Если присмотреться, n — это количество столбцов в матрице A, а также количество строк в матрице B. И именно поэтому вам нужно, чтобы количество столбцов в матрице A было равно числу строк в матрице B .
Я надеюсь, вы понимаете, что условие умножения матриц выполняется и как получить каждый элемент в матрице произведения.
Давайте приступим к написанию кода Python для умножения двух матриц.
Напишите пользовательскую функцию Python для умножения матриц
В качестве первого шага давайте напишем пользовательскую функцию для умножения матриц.
Эта функция должна делать следующее:
- Примите две матрицы, A и B, в качестве входных параметров.
- Проверьте, допустимо ли матричное умножение между A и B.
- Если допустимо, умножьте две матрицы A и B и верните матрицу произведения C.
- В противном случае вернуть сообщение об ошибке, что матрицы A и B нельзя перемножить.
Шаг 1. Сгенерируйте две матрицы целых чисел, используя функцию NumPy random.randint()
. Вы также можете объявить матрицы как вложенные списки Python.
import numpy as np np.random.seed(27) A = np.random.randint(1,10,size = (3,3)) B = np.random.randint(1,10,size = (3,2)) print(f"Matrix A:\n {A}\n") print(f"Matrix B:\n {B}\n") # Output Matrix A: [[4 9 9] [9 1 6] [9 2 3]] Matrix B: [[2 2] [5 7] [4 4]]
Шаг 2: Идите вперед и определите multiply_matrix(A,B)
. Эта функция принимает две матрицы A
и B
в качестве входных данных и возвращает матрицу произведения C
, если умножение матриц допустимо.
def multiply_matrix(A,B): global C if A.shape[1] == B.shape[0]: C = np.zeros((A.shape[0],B.shape[1]),dtype = int) for row in range(rows): for col in range(cols): for elt in range(len(B)): C[row, col] += A[row, elt] * B[elt, col] return C else: return "Sorry, cannot multiply A and B."

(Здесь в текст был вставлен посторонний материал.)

(* Let $\mathbb{K}$ be a field of characteristic $2$, let $r\in\{2,\dots,\min(n,p)\}$, and let $\mathcal{S}:=\mathrm{S}_r(\mathbb{K})\vee\mathrm{M}_{n-r,p-r}(\mathbb{K})\subset\mathrm{M}_{n,p}(\mathbb{K})$. Let $q\geq 1$. Then the range-preserving group homomorphisms $F:\mathcal{S}\to\mathrm{M}_{n,q}(\mathbb{K})$ are exactly the maps $$M\longmapsto\left(\begin{bmatrix}M & 0_{n\times(q-p)}\end{bmatrix}+\begin{bmatrix}0_{1\times r} & R(m_{1,1})\\ \vdots&\vdots\\ 0_{1\times r} & R(m_{r,r})\\ 0_{(n-r)\times r} & 0_{(n-r)\times(q-r)}\end{bmatrix}\right)Q,$$ where $Q\in\mathrm{GL}_q(\mathbb{K})$ and $R:\mathbb{K}\to\mathrm{M}_{1,q-r}(\mathbb{K})$ is root-linear.
   Context: $\mathrm{S}_r(\mathbb{K})\vee\mathrm{M}_{n-r,p-r}(\mathbb{K})$ is the set of matrices $\begin{bmatrix}A&C\\0&B\end{bmatrix}$ with $A$ an $r\times r$ symmetric matrix, $B\in\mathrm{M}_{n-r,p-r}(\mathbb{K})$, $C\in\mathrm{M}_{r,p-r}(\mathbb{K})$ arbitrary. A map $F$ is range-preserving when the column space of $F(M)$ equals that of $M$ for all $M$. In characteristic $2$, a map $R$ between $\mathbb{K}$-vector spaces is root-linear when it is additive and $R(\lambda^2x)=\lambda R(x)$ for all $\lambda\in\mathbb{K}$ and all $x$. *)

theory Defs
  imports "Jordan_Normal_Form.Matrix"
begin

(* S_r(K) \<or> M_{n-r,p-r}(K): n x p matrices [A C; 0 B] with A an r x r symmetric block *)
definition sym_vee_set :: "nat \<Rightarrow> nat \<Rightarrow> nat \<Rightarrow> 'a :: zero mat set" where
  "sym_vee_set r n p = {M \<in> carrier_mat n p.
      (\<forall>i<r. \<forall>j<r. M $$ (i, j) = M $$ (j, i)) \<and>
      (\<forall>i j. r \<le> i \<and> i < n \<and> j < r \<longrightarrow> M $$ (i, j) = 0)}"

definition col_space :: "'a :: semiring_0 mat \<Rightarrow> 'a vec set" where
  "col_space M = {M *\<^sub>v v | v. v \<in> carrier_vec (dim_col M)}"

definition range_preserving_on :: "'a :: semiring_0 mat set \<Rightarrow> ('a mat \<Rightarrow> 'a mat) \<Rightarrow> bool" where
  "range_preserving_on S F \<longleftrightarrow> (\<forall>M\<in>S. col_space (F M) = col_space M)"

definition root_linear :: "('a :: field \<Rightarrow> 'a vec) \<Rightarrow> bool" where
  "root_linear R \<longleftrightarrow> (\<forall>x y. R (x + y) = R x + R y) \<and>
                      (\<forall>l x. R (l^2 * x) = l \<cdot>\<^sub>v R x)"

definition pad_cols :: "nat \<Rightarrow> 'a :: zero mat \<Rightarrow> 'a mat" where
  "pad_cols q M = mat (dim_row M) q (\<lambda>(i, j). if j < dim_col M then M $$ (i, j) else 0)"

definition root_corr :: "nat \<Rightarrow> nat \<Rightarrow> ('a :: zero \<Rightarrow> 'a vec) \<Rightarrow> 'a mat \<Rightarrow> 'a mat" where
  "root_corr r q R M = mat (dim_row M) q
     (\<lambda>(i, j). if i < r \<and> r \<le> j then R (M $$ (i, i)) $ (j - r) else 0)"

end

theory Submission
  imports Defs "Jordan_Normal_Form.VS_Connect"
begin

(* A map of the normal form M \<mapsto> ([M 0] + corr_R(M)) Q is additive since R is,
   and it is range preserving because [M 0] + corr_R(M) = M P T with P a zero-padding matrix
   and T unipotent; T exists since for a symmetric r \<times> r matrix A and a root-linear scalar map
   rho the column (rho(a_ii))_i lies in the column space of A (root_diagonal_in_col_space).

   Range preservation forces every row of M that
   vanishes, or every vanishing combination of two rows, to be reflected in F(M).  Applied to
   elementary and symmetric elementary matrices this yields row vectors x_k (k < p) and an
   additive, root-linear map rho with F(M) = M X + (rho(m_ii) placed in row i, i < r)
   (F_eq_model).  Range preservation on further test matrices shows that the x_k are linearly
   independent and that x_0 .. x_(r-1) remain independent modulo the x_k (k \<ge> r) and the
   image of rho.  A basis completion argument (locale row_completion) then produces an
   invertible Q whose first p rows are the x_k and whose rows r .. q-1 span the image of rho;
   the coordinates of rho(a) in these rows define R. *)

lemma col_space_mult_right_invertible:
  fixes X :: "'a::field mat"
  assumes X: "X \<in> carrier_mat n m" and T: "T \<in> carrier_mat m k" and T': "T' \<in> carrier_mat k m"
    and TT: "T * T' = 1\<^sub>m m"
  shows "col_space (X * T) = col_space X"
proof
  show "col_space (X * T) \<subseteq> col_space X"
  proof
    fix w assume "w \<in> col_space (X * T)"
    then obtain v where v: "v \<in> carrier_vec k" and w: "w = (X * T) *\<^sub>v v"
      using T unfolding col_space_def by auto
    have "w = X *\<^sub>v (T *\<^sub>v v)" using w X T v by simp
    moreover have "T *\<^sub>v v \<in> carrier_vec (dim_col X)" using T X v by simp
    ultimately show "w \<in> col_space X" unfolding col_space_def by blast
  qed
next
  show "col_space X \<subseteq> col_space (X * T)"
  proof
    fix w assume "w \<in> col_space X"
    then obtain v where v: "v \<in> carrier_vec m" and w: "w = X *\<^sub>v v"
      using X unfolding col_space_def by auto
    have "X *\<^sub>v v = X *\<^sub>v ((T * T') *\<^sub>v v)" using TT v by simp
    also have "\<dots> = (X * T) *\<^sub>v (T' *\<^sub>v v)" using X T T' v
      by (metis assoc_mult_mat_vec mult_carrier_mat mult_mat_vec_carrier)
    finally have "w = (X * T) *\<^sub>v (T' *\<^sub>v v)" using w by simp
    moreover have "T' *\<^sub>v v \<in> carrier_vec (dim_col (X * T))" using T T' v by simp
    ultimately show "w \<in> col_space (X * T)" unfolding col_space_def by blast
  qed
qed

Разбор определения функции
Приступим к разбору определения функции.
Объявите C как глобальную переменную : по умолчанию все переменные внутри функции Python имеют локальную область видимости . И вы не можете получить к ним доступ извне функции. Чтобы сделать матрицу произведения C доступной извне, нам придется объявить ее как глобальную переменную. Просто добавьте квалификатор global
перед именем переменной.
Проверьте правильность умножения матриц: используйте атрибут shape
, чтобы проверить, можно ли умножить A и B. Для любого массива arr
arr.shape[0]
и arr.shape[1]
дают количество строк и столбцов соответственно. Итак if A.shape[1] == B.shape[0]
проверяет, действительно ли матричное умножение. Только если это условие True
, будет вычислена матрица продукта. В противном случае функция возвращает сообщение об ошибке.
Используйте вложенные циклы для вычисления значений: чтобы вычислить элементы результирующей матрицы, мы должны перебирать строки матрицы A, и внешний цикл for
делает это. Внутренний цикл for
помогает нам пройти по столбцу матрицы B. А самый внутренний цикл for
помогает получить доступ к каждому элементу в выбранном столбце.
️ Теперь, когда мы узнали, как работает функция Python для умножения матриц, давайте вызовем функцию с матрицами A и B, которые мы сгенерировали ранее.
multiply_matrix(A,B) # Output array([[ 89, 107], [ 47, 49], [ 40, 44]])
Поскольку умножение матриц между A и B допустимо, multiply_matrix()
возвращает матрицу произведения C.
Используйте понимание вложенных списков Python для умножения матриц
В предыдущем разделе вы написали функцию Python для умножения матриц. Теперь вы увидите, как можно использовать вложенные списки, чтобы сделать то же самое.
Вот понимание вложенного списка для умножения матриц.

Сначала это может показаться сложным. Но мы будем шаг за шагом разбирать понимание вложенного списка.

Давайте сосредоточимся на понимании одного списка за раз и определим, что оно делает.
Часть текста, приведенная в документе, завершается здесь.